■ TASK BRIEF ■
Report the number of lines in the data below that hold "intro", without any other words.
+++ SUPPLIED INFORMATION +++
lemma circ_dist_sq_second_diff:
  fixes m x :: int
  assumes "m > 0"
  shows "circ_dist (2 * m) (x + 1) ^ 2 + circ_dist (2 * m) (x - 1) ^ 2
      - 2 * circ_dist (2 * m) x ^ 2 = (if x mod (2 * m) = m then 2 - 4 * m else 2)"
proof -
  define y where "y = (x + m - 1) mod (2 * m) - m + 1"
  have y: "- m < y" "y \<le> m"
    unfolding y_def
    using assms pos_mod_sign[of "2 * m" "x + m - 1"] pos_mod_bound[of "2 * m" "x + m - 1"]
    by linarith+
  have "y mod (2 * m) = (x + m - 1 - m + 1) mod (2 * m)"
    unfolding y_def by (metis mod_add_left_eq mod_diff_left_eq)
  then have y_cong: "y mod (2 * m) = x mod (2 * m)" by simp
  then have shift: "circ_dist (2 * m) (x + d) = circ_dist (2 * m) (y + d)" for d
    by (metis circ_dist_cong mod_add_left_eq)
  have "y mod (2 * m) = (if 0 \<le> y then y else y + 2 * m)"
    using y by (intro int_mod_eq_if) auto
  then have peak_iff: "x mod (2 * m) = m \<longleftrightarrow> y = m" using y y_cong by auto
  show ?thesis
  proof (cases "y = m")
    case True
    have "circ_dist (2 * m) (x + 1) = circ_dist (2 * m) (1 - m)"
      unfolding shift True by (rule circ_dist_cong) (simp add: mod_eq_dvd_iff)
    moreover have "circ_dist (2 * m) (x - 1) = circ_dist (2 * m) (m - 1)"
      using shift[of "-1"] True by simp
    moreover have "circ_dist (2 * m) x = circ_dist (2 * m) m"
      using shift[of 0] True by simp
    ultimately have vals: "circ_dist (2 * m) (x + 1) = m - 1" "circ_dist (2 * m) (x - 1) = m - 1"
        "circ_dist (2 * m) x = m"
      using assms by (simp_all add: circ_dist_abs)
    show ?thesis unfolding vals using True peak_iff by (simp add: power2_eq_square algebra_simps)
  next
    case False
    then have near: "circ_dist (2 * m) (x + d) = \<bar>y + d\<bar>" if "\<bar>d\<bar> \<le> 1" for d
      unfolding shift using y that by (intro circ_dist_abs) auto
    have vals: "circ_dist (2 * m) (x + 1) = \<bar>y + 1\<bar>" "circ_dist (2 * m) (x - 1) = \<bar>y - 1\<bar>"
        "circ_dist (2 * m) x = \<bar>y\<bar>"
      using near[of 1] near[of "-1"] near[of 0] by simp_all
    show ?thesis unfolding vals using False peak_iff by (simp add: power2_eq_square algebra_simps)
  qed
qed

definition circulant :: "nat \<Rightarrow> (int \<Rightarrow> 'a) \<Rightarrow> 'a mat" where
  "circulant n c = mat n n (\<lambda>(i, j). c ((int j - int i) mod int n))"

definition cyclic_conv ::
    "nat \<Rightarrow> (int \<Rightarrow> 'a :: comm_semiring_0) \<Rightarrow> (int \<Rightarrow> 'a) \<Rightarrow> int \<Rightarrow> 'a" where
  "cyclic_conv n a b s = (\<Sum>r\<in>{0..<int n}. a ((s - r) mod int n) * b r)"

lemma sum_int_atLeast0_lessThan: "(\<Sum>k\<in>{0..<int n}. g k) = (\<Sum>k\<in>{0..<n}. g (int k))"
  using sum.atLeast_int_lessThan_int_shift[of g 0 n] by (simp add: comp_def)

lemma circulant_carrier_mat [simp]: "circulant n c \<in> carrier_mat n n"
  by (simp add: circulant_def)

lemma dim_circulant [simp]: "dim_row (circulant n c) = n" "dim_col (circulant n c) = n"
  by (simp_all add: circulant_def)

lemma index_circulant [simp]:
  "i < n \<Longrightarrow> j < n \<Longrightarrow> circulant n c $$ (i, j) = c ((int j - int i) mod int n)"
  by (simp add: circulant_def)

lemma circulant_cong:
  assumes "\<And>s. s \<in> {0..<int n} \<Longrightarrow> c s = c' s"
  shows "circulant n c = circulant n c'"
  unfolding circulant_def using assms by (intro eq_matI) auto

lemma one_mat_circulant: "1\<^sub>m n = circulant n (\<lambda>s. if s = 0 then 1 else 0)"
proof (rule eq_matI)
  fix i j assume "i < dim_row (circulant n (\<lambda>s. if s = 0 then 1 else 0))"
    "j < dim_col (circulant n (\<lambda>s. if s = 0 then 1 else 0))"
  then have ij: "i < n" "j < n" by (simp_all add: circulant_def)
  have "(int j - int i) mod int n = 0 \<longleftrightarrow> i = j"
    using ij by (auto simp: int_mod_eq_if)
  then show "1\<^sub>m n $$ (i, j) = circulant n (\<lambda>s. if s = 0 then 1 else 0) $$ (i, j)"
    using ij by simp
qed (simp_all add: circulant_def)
+++
+++ SUPPLIED INFORMATION +++
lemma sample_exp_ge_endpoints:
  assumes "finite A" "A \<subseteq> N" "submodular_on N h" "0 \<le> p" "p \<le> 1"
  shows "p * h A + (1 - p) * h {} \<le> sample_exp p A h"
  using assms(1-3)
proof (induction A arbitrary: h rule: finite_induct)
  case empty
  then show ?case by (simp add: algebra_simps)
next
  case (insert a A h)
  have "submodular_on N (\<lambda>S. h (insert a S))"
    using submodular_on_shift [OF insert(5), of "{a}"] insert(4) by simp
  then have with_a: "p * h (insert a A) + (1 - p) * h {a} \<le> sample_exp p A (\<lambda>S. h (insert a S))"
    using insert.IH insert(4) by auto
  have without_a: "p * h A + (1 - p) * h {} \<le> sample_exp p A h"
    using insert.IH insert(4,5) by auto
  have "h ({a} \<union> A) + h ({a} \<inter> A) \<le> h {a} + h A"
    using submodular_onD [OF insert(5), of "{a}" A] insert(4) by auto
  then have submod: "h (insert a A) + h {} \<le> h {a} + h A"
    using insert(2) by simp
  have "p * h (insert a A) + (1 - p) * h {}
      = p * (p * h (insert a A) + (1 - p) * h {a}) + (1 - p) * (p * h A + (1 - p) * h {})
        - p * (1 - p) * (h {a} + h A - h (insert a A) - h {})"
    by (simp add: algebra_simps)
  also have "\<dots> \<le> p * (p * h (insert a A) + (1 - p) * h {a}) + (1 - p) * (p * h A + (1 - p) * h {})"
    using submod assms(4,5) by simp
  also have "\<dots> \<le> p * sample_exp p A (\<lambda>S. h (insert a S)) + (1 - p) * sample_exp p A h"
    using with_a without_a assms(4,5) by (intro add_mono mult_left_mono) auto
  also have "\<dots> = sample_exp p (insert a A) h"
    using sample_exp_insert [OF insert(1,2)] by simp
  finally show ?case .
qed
+++
■ WRITTEN RESPONSE ■
4